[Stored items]
lemma sum_weight_block_constant:
  assumes "\<sigma> \<in> set_partitions n" "refines \<sigma> \<pi>"
  shows "(\<Sum>h\<in>{h\<in>choices. \<forall>C\<in>\<sigma>. \<forall>i\<in>C. \<forall>j\<in>C. h i = h j}. weight h) =
    (if \<sigma> = \<pi> then of_nat (\<Prod>B\<in>\<pi>. card B) else 0)"
proof -
  have \<sigma>: "partition_on {0..<n} \<sigma>"
    using assms(1) unfolding set_partitions_def by simp
  have "block_of \<pi> i = block_of \<pi> (Min C)" if "C \<in> \<sigma>" "i \<in> C" for C i
  proof -
    have "Min C \<in> C" "i < n"
      using set_partitions_block[OF assms(1) that(1)] that(2) by auto
    then show ?thesis
      using block_of_eq_block_of[OF partition_on] refines_imp_subset_block_of[OF partition_on assms(2) that]
      by auto
  qed
  then have "(\<Sum>h\<in>{h\<in>choices. \<forall>C\<in>\<sigma>. \<forall>i\<in>C. \<forall>j\<in>C. h i = h j}. weight h) =
      (\<Prod>C\<in>\<sigma>. \<Sum>k\<in>{..<card (block_of \<pi> (Min C))}. \<Prod>i\<in>C. \<omega> (block_of \<pi> i) ^ (k + 1))"
    unfolding choices_def weight_def by (intro sum_PiE_block_constant[OF \<sigma>]) auto
  also have "\<dots> = (\<Prod>C\<in>\<sigma>. if C \<in> \<pi> then of_nat (card C) else 0)"
    using sum_root_powers_block[OF assms] by simp
  also have "\<dots> = (if \<sigma> = \<pi> then of_nat (\<Prod>B\<in>\<pi>. card B) else 0)"
  proof (cases "\<sigma> \<subseteq> \<pi>")
    case True
    then have "\<sigma> = \<pi>"
      using partition_on_subset_eq[OF \<sigma> partition_on] by simp
    then show ?thesis
      by simp
  next
    case False
    then obtain C where "C \<in> \<sigma>" "C \<notin> \<pi>"
      by blast
    then have "(\<Prod>C\<in>\<sigma>. if C \<in> \<pi> then of_nat (card C) else 0) = (0::complex)"
      using finite_set_partition[OF assms(1)] by (intro prod_zero bexI[of _ C]) simp_all
    with False show ?thesis
      by auto
  qed
  finally show ?thesis .
qed

lemma sum_weight_kernel_eq_mobius:
  assumes "\<sigma> \<in> set_partitions n" "refines \<sigma> \<pi>"
  shows "(\<Sum>h\<in>{h\<in>choices. kernel_partition {0..<n} (chosen h) = \<sigma>}. weight h) =
    of_nat (\<Prod>B\<in>\<pi>. card B) * of_int (mu_part n \<sigma> \<pi>)"
proof -
  define P where "P = (\<Prod>B\<in>\<pi>. card B)"
  define W where "W \<tau> = (\<Sum>h\<in>{h\<in>choices. kernel_partition {0..<n} (chosen h) = \<tau>}. weight h)" for \<tau>
  have "P \<noteq> 0"
    using prod_card_blocks_pos unfolding P_def by simp
  have "(\<Sum>\<tau>\<in>partition_lattice.interval n \<rho> \<pi>. W \<tau> / of_nat P) = (if \<rho> = \<pi> then 1 else 0)"
    if "\<rho> \<in> set_partitions n" "refines \<rho> \<pi>" for \<rho>
  proof -
    \<comment> \<open>the kernels in [\<rho>, \<pi>] are exactly those of the choices constant on the blocks of \<rho>\<close>
    let ?above = "{h\<in>choices. refines \<rho> (kernel_partition {0..<n} (chosen h))}"
    have "(\<Sum>\<tau>\<in>partition_lattice.interval n \<rho> \<pi>. W \<tau>) =
        (\<Sum>\<tau>\<in>partition_lattice.interval n \<rho> \<pi>.
           \<Sum>h\<in>{h. h \<in> ?above \<and> kernel_partition {0..<n} (chosen h) = \<tau>}. weight h)"
      unfolding W_def partition_lattice.interval_def
      by (intro sum.cong refl arg_cong[where f = "sum weight"]) auto
    also have "\<dots> = (\<Sum>h\<in>?above. weight h)"
      unfolding partition_lattice.interval_def
      by (rule sum.group)
        (auto simp: finite_choices kernel_partition_in_set_partitions kernel_chosen_refines
          finite_set_partitions)
    also have "?above = {h\<in>choices. \<forall>C\<in>\<rho>. \<forall>i\<in>C. \<forall>j\<in>C. h i = h j}"
      using refines_kernel_chosen_iff[OF that] by blast
    also have "(\<Sum>h\<in>\<dots>. weight h) = (if \<rho> = \<pi> then of_nat P else 0)"
      unfolding P_def by (rule sum_weight_block_constant[OF that])
    finally show ?thesis
      using \<open>P \<noteq> 0\<close> by (simp add: sum_divide_distrib[symmetric])
  qed
  then have "W \<sigma> / of_nat P = of_int (mu_part n \<sigma> \<pi>)"
    unfolding mu_part_def using assms by (intro partition_lattice.mobius_unique[OF partition]) auto
  then show ?thesis
    using \<open>P \<noteq> 0\<close> unfolding W_def P_def
    by (simp add: divide_eq_eq mult.commute del: of_nat_prod)
qed

lemma sum_weight_kernel:
  "(\<Sum>h\<in>choices. weight h * F (kernel_partition {0..<n} (chosen h))) =
    of_nat (\<Prod>B\<in>\<pi>. card B) * (\<Sum>\<sigma>\<in>{\<sigma>\<in>set_partitions n. refines \<sigma> \<pi>}. F \<sigma> * of_int (mu_part n \<sigma> \<pi>))"
proof -
  have "(\<Sum>h\<in>choices. weight h * F (kernel_partition {0..<n} (chosen h))) =
      (\<Sum>\<sigma>\<in>{\<sigma>\<in>set_partitions n. refines \<sigma> \<pi>}.
         \<Sum>h\<in>{h\<in>choices. kernel_partition {0..<n} (chosen h) = \<sigma>}.
           weight h * F (kernel_partition {0..<n} (chosen h)))"
    by (rule sum.group[symmetric])
      (auto simp: finite_choices finite_set_partitions kernel_chosen_refines
        kernel_partition_in_set_partitions)
  also have "\<dots> = (\<Sum>\<sigma>\<in>{\<sigma>\<in>set_partitions n. refines \<sigma> \<pi>}.
      (\<Sum>h\<in>{h\<in>choices. kernel_partition {0..<n} (chosen h) = \<sigma>}. weight h) * F \<sigma>)"
    by (intro sum.cong refl) (simp add: sum_distrib_right)
  also have "\<dots> = of_nat (\<Prod>B\<in>\<pi>. card B) * (\<Sum>\<sigma>\<in>{\<sigma>\<in>set_partitions n. refines \<sigma> \<pi>}. F \<sigma> * of_int (mu_part n \<sigma> \<pi>))"
    by (simp add: sum_distrib_left sum_weight_kernel_eq_mobius mult_ac)
  finally show ?thesis .
qed

end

> _Problem statement_: In the entries above, find each line with "lemma" and list it.

> _Expected answer_:
lemma sum_weight_block_constant:
lemma sum_weight_kernel_eq_mobius:
lemma sum_weight_kernel:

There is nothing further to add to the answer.